**DIRECTIONS FOR THIS TASK:** Go through the entries below and pick out every line with "noteq".
┌─ SOURCE DATA
lemma inj_projection_of_closed_INT:
  fixes A :: "nat \<Rightarrow> (nat \<Rightarrow> nat) set"
  assumes "\<And>n. inj_projection_of_closed (A n)"
  shows "inj_projection_of_closed (\<Inter>n. A n)"
proof -
  obtain G :: "nat \<Rightarrow> ((nat \<Rightarrow> nat) \<times> (nat \<Rightarrow> nat)) set"
    where G: "\<And>n. closed (G n)" "\<And>n. inj_on fst (G n)" "\<And>n. A n = fst ` G n"
    using assms unfolding inj_projection_of_closed_def by metis
  define slice :: "nat \<Rightarrow> (nat \<Rightarrow> nat) \<Rightarrow> nat \<Rightarrow> nat"
    where "slice n x = (\<lambda>i. x (prod_encode (n, i)))" for n x
  define H where "H = (\<Inter>n. (\<lambda>p. (fst p, slice n (snd p))) -` G n)"
  have "closed ((\<lambda>p. (fst p, slice n (snd p))) -` G n)" for n
    using closed_vimage_Int[OF G(1) continuous_on_reindex_snd closed_UNIV] by (simp add: slice_def)
  then have "closed H"
    by (simp add: H_def closed_INT)
  moreover have "inj_on fst H"
  proof (rule inj_onI)
    fix p q assume "p \<in> H" "q \<in> H" "fst p = fst q"
    then have "slice n (snd p) = slice n (snd q)" for n
      using inj_onD[OF G(2)[of n]] by (force simp: H_def)
    then have "snd p j = snd q j" for j
      using prod_decode_inverse[of j] by (cases "prod_decode j") (metis slice_def)
    then show "p = q"
      using \<open>fst p = fst q\<close> by (simp add: prod_eq_iff fun_eq_iff)
  qed
  moreover have "(\<Inter>n. A n) = fst ` H"
  proof
    show "fst ` H \<subseteq> (\<Inter>n. A n)"
      using G(3) by (fastforce simp: H_def intro: rev_image_eqI)
    show "(\<Inter>n. A n) \<subseteq> fst ` H"
    proof
      fix f assume "f \<in> (\<Inter>n. A n)"
      then have "f \<in> fst ` G n" for n
        using G(3) by blast
      then have "\<exists>x. (f, x) \<in> G n" for n
        by force
      then obtain xs where xs: "\<And>n. (f, xs n) \<in> G n"
        by metis
      define x where "x j = case_prod xs (prod_decode j)" for j
      have "slice n x = xs n" for n
        by (simp add: slice_def x_def)
      then have "(f, x) \<in> H"
        using xs by (simp add: H_def)
      then show "f \<in> fst ` H"
        by force
    qed
  qed
  ultimately show ?thesis
    unfolding inj_projection_of_closed_def by blast
qed

lemma closed_Collect_tail_mem:
  fixes G :: "nat \<Rightarrow> ('a::topological_space \<times> (nat \<Rightarrow> nat)) set"
  assumes "\<And>n. closed (G n)"
  shows "closed {p. (fst p, \<lambda>i. snd p (Suc i)) \<in> G (snd p 0)}"
proof -
  have cont: "continuous_on UNIV (\<lambda>p :: 'a \<times> (nat \<Rightarrow> nat). snd p 0)"
    by (intro continuous_intros continuous_on_product_then_coordinatewise)
  have "closed {p :: 'a \<times> (nat \<Rightarrow> nat). snd p 0 \<noteq> n}" for n
    using closed_vimage_Int[OF closed_Compl[OF open_discrete[of "{n}"]] cont closed_UNIV]
    by (simp add: vimage_def)
  moreover have "closed ((\<lambda>p. (fst p, \<lambda>i. snd p (Suc i))) -` G n)" for n
    using closed_vimage_Int[OF assms continuous_on_reindex_snd closed_UNIV] by simp
  moreover have "{p. (fst p, \<lambda>i. snd p (Suc i)) \<in> G (snd p 0)}
      = (\<Inter>n. {p. snd p 0 \<noteq> n} \<union> (\<lambda>p. (fst p, \<lambda>i. snd p (Suc i))) -` G n)"
    by auto
  ultimately show ?thesis
    by (simp add: closed_INT closed_Un)
qed

lemma inj_projection_of_closed_disjoint_UN:
  fixes A :: "nat \<Rightarrow> (nat \<Rightarrow> nat) set"
  assumes "\<And>n. inj_projection_of_closed (A n)" "disjoint_family A"
  shows "inj_projection_of_closed (\<Union>n. A n)"
proof -
  obtain G :: "nat \<Rightarrow> ((nat \<Rightarrow> nat) \<times> (nat \<Rightarrow> nat)) set"
    where G: "\<And>n. closed (G n)" "\<And>n. inj_on fst (G n)" "\<And>n. A n = fst ` G n"
    using assms(1) unfolding inj_projection_of_closed_def by metis
  define tail :: "(nat \<Rightarrow> nat) \<times> (nat \<Rightarrow> nat) \<Rightarrow> (nat \<Rightarrow> nat) \<times> (nat \<Rightarrow> nat)"
    where "tail = (\<lambda>p. (fst p, \<lambda>i. snd p (Suc i)))"
  define H where "H = {p. tail p \<in> G (snd p 0)}"
  have fst_mem: "fst p \<in> A (snd p 0)" if "p \<in> H" for p
    using that G(3)[of "snd p 0"] by (auto simp: H_def tail_def intro: rev_image_eqI)
  have "closed H"
    unfolding H_def tail_def using G(1) by (rule closed_Collect_tail_mem)
  moreover have "inj_on fst H"
  proof (rule inj_onI)
    fix p q assume H: "p \<in> H" "q \<in> H" and "fst p = fst q"
    have "fst p \<in> A (snd p 0)" "fst p \<in> A (snd q 0)"
      using fst_mem[OF H(1)] fst_mem[OF H(2)] \<open>fst p = fst q\<close> by simp_all
    then have "snd p 0 = snd q 0"
      using assms(2) by (auto simp: disjoint_family_on_def)
    then have "tail p \<in> G (snd q 0)" "tail q \<in> G (snd q 0)"
      using H by (simp_all add: H_def)
    then have "tail p = tail q"
      using \<open>fst p = fst q\<close> by (intro inj_onD[OF G(2)]) (simp_all add: tail_def)
    then have "snd p j = snd q j" for j
      using \<open>snd p 0 = snd q 0\<close> by (cases j) (auto simp: tail_def fun_eq_iff)
    then show "p = q"
      using \<open>fst p = fst q\<close> by (simp add: prod_eq_iff fun_eq_iff)
  qed
  moreover have "(\<Union>n. A n) = fst ` H"
  proof
    show "fst ` H \<subseteq> (\<Union>n. A n)"
      using fst_mem by blast
    show "(\<Union>n. A n) \<subseteq> fst ` H"
    proof
      fix f assume "f \<in> (\<Union>n. A n)"
      then obtain n y where y: "(f, y) \<in> G n"
        using G(3) by force
      then have "(f, case_nat n y) \<in> H"
        by (simp add: H_def tail_def)
      then show "f \<in> fst ` H"
        by force
    qed
  qed
  ultimately show ?thesis
    unfolding inj_projection_of_closed_def by blast
qed

definition cylinder_depth :: "(nat \<Rightarrow> nat) set \<Rightarrow> (nat \<Rightarrow> nat) \<Rightarrow> nat" where
  "cylinder_depth U g = (LEAST k. {h. agree_below k g h} \<subseteq> U)"

lemma closed_cylinder_depth_level:
  assumes "open U"
  shows "closed {g \<in> U. cylinder_depth U g = k}"
proof (rule closed_if_determined_below)
  fix g h assume gh: "agree_below k g h" and "g \<in> {g \<in> U. cylinder_depth U g = k}"
  then have "g \<in> U" "cylinder_depth U g = k"
    by simp_all
  have same: "agree_below j g h' \<longleftrightarrow> agree_below j h h'" if "j \<le> k" for j h'
    using gh that by (auto simp: agree_below_def)
  have "{h'. agree_below k g h'} \<subseteq> U"
    using open_contains_agree_below[OF assms \<open>g \<in> U\<close>] \<open>cylinder_depth U g = k\<close>
    unfolding cylinder_depth_def by (metis LeastI)
  then have h_cyl: "{h'. agree_below k h h'} \<subseteq> U"
    using same by blast
  then have "h \<in> U"
    by (auto simp: agree_below_def)
  moreover have "cylinder_depth U h = k"
    unfolding cylinder_depth_def
  proof (rule Least_equality)
    show "{h'. agree_below k h h'} \<subseteq> U"
      by (fact h_cyl)
    fix j assume "{h'. agree_below j h h'} \<subseteq> U"
    show "k \<le> j"
    proof (rule ccontr)
      assume "\<not> k \<le> j"
      then have "{h'. agree_below j g h'} \<subseteq> U"
        using same[of j] \<open>{h'. agree_below j h h'} \<subseteq> U\<close> by auto
      then have "cylinder_depth U g \<le> j"
        unfolding cylinder_depth_def by (rule Least_le)
      with \<open>cylinder_depth U g = k\<close> \<open>\<not> k \<le> j\<close> show False
        by simp
    qed
  qed
  ultimately show "h \<in> {g \<in> U. cylinder_depth U g = k}"
    by simp
qed

lemma inj_projection_of_closed_if_open:
  assumes "open U"
  shows "inj_projection_of_closed U"
proof -
  define D where "D k = {g \<in> U. cylinder_depth U g = k}" for k
  have "inj_projection_of_closed (D k)" for k
    unfolding D_def using assms
    by (intro inj_projection_of_closed_if_closed closed_cylinder_depth_level)
  moreover have "disjoint_family D"
    by (auto simp: disjoint_family_on_def D_def)
  moreover have "U = (\<Union>k. D k)"
    by (auto simp: D_def)
  ultimately show ?thesis
    using inj_projection_of_closed_disjoint_UN by metis
qed

lemma inj_projection_of_closed_UN:
  fixes A :: "nat \<Rightarrow> (nat \<Rightarrow> nat) set"
  assumes "\<And>n. inj_projection_of_closed (A n)" "\<And>n. inj_projection_of_closed (- A n)"
  shows "inj_projection_of_closed (\<Union>n. A n)"
proof -
  have disjointed_eq: "disjointed A n = (\<Inter>j. if j < n then - A j else A n)" for n
    by (force simp: disjointed_def)
  have "inj_projection_of_closed (disjointed A n)" for n
    unfolding disjointed_eq by (rule inj_projection_of_closed_INT) (simp add: assms)
  then show ?thesis
    using inj_projection_of_closed_disjoint_UN[OF _ disjoint_family_disjointed] UN_disjointed_eq
    by metis
qed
└─
**FINISHED EXERCISE:**
  have "closed {p :: 'a \<times> (nat \<Rightarrow> nat). snd p 0 \<noteq> n}" for n
      = (\<Inter>n. {p. snd p 0 \<noteq> n} \<union> (\<lambda>p. (fst p, \<lambda>i. snd p (Suc i))) -` G n)"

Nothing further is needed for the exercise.